Form 3 - Initial statement of beneficial ownership of securities
06 Setembro 2024 - 5:44PM
Edgar (US Regulatory)
Exhibit 24
POWER OF ATTORNEY
KNOW ALL BY THESE PRESENTS, that the undersigned hereby constitutes and appoints
J. Kevin McCarthy, Jean Weng, and Stacy Hwang and each of them, the undersigned's true and
lawful attorneys-in-fact for and in the undersigned's name, place and stead to:
1.prepare, execute, and file with the Securities and Exchange Commission ("SEC"),
the New York Stock Exchange ("NYSE") and The Bank of New York Mellon Corporation (the "Company"),
for and on behalf of the undersigned, pursuant to Section 16(a) of the Securities Exchange Act
of 1934, as amended (the "Exchange Act"), and the rules and regulations thereunder,
such statements regarding the undersigned's beneficial ownership of securities of the Company
as required by law; and
2.prepare, execute and file with the SEC, the NYSE and the Company,for and on behalf
of the undersigned, one or more Notices of Proposed Sale ofSecurities on Form 144 relating to
the sale of shares of common stock of the Company; and
3.do and perform any and all acts, for and on behalf of the undersigned, which may
be necessary or desirable for the preparation and timely filing of any such reports or documents
with the SEC, the NYSE and any other authority; and
4.take any other action of any type whatsoever in connection with the foregoing which,
in the opinion of such attorney-in-fact, may be of benefit to, in the best interest of, or legally
required by, the undersigned, it beingunderstood that the documents executed by such attorney-in-fact
on behalf of the undersigned pursuant to this Power of Attorney shall be in such form and shall contain
such terms and conditions as such attorney-in-fact may approve in such attorney-in-fact's discretion.

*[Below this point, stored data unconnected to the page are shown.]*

text \<open>Call a mismatch a wall. A flip that does not increase the number of mismatches either moves
  a wall by two positions or destroys walls. Give a wall at position k the weight 2n^2 + q(k), where
  q is one of the quadratics -k^2, k(n - k), -(n - k)^2 according to the sign of the height of the
  +-1 walk of the word just before the wall, measured relative to the wall's letter. The sum of the
  weights lies between 0 and 3n^3. Moving a wall changes its weight by a term linear in its position,
  and these terms telescope along runs of adjacent walls; what is left at the ends of runs is paid
  for by the wall-destroying flips, each of which lowers the potential by at least n^2 - O(n). So
  for n \<ge> 9 the allowed flips lower the potential by at least 4 on average, and a drift argument
  gives E(T) \<le> 3n^3/4.\<close>

definition spin :: "nat \<Rightarrow> int" where "spin x = (if x = 1 then 1 else -1)"

definition height :: "nat list \<Rightarrow> nat \<Rightarrow> int" where "height w k = (\<Sum>j<k. spin (w!j))"

text \<open>wall w k is the mismatch at position k - 1: walls are indexed by the right letter of the
  equal pair, so that a flip at i can only change the walls at i and i + 2.\<close>
definition wall :: "nat list \<Rightarrow> nat \<Rightarrow> bool" where
  "wall w k \<longleftrightarrow> 0 < k \<and> k < length w \<and> w!(k-1) = w!k"

lemma length_flip[simp]: "length (flip w i) = length w"
  by (simp add: flip_def)

lemma nth_flip:
  assumes "Suc i < length w"
  shows "flip w i ! j = (if j = i then w!Suc i else if j = Suc i then w!i else w!j)"
  using assms by (auto simp: flip_def nth_list_update)

lemma flip_in_configs:
  assumes "w \<in> configs n" "Suc i < length w"
  shows "flip w i \<in> configs n"
proof -
  have m: "mset (flip w i) = mset w"
    unfolding flip_def using assms(2) by (intro mset_swap) auto
  then have "set (flip w i) = set w" by (metis set_mset_mset)
  moreover have "count_list (flip w i) x = count_list w x" for x
    using m by (metis count_mset)
  ultimately show ?thesis using assms(1) unfolding configs_def by simp
qed

lemma configs_binary: "w \<in> configs n \<Longrightarrow> set w \<subseteq> {1,2}"
  by (simp add: configs_def)

lemma binary_nth: "set w \<subseteq> {1,2} \<Longrightarrow> j < length w \<Longrightarrow> w!j = 1 \<or> w!j = 2"
  using nth_mem by fastforce

lemma binary_third:
  assumes "set w \<subseteq> {1,2}" "a < length w" "b < length w" "c < length w" "w!a \<noteq> w!b"
  shows "w!c = w!a \<or> w!c = w!b"
  using binary_nth[OF assms(1)] assms(2-5) by metis

lemma spin_square: "spin x * spin x = 1" by (simp add: spin_def)

lemma spin_opposite:
  "x \<in> {1,2} \<Longrightarrow> y \<in> {1,2} \<Longrightarrow> x \<noteq> y \<Longrightarrow> spin x + spin y = 0"
  by (auto simp: spin_def)

lemma sum_list_spin:
  "set w \<subseteq> {1,2} \<Longrightarrow> sum_list (map spin w) = int (count_list w 1) - int (count_list w 2)"
  by (induction w) (auto simp: spin_def)

lemma height_Suc: "height w (Suc k) = height w k + spin (w!k)"
  by (simp add: height_def)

Said attorneys-in-fact and each of them shall have full power and authority to do and perform,
in the name and on behalf of the undersigned, each and every act and thing whatsoever requisite, necessary
or proper to be done in connection with any of the above as fully as the undersigned might or could do
if personally present, the undersigned hereby ratifying and confirming all that said attorneys-in-fact
and each of them may lawfully do or cause to be done by virtue hereof of this Power of Attorney and
the rights and powers herein granted.
The undersigned acknowledges that the foregoing attorneys-in-fact, in serving in such capacity
at the request of the undersigned, are not assuming, nor is the Company assuming, any of the
undersigned's responsibilities to comply with Section 16 of the Exchange Act. The undersigned agrees
that each such attorney-in-fact herein may rely entirely on information furnished orally or in writing
by the undersigned to such attorney-in-fact.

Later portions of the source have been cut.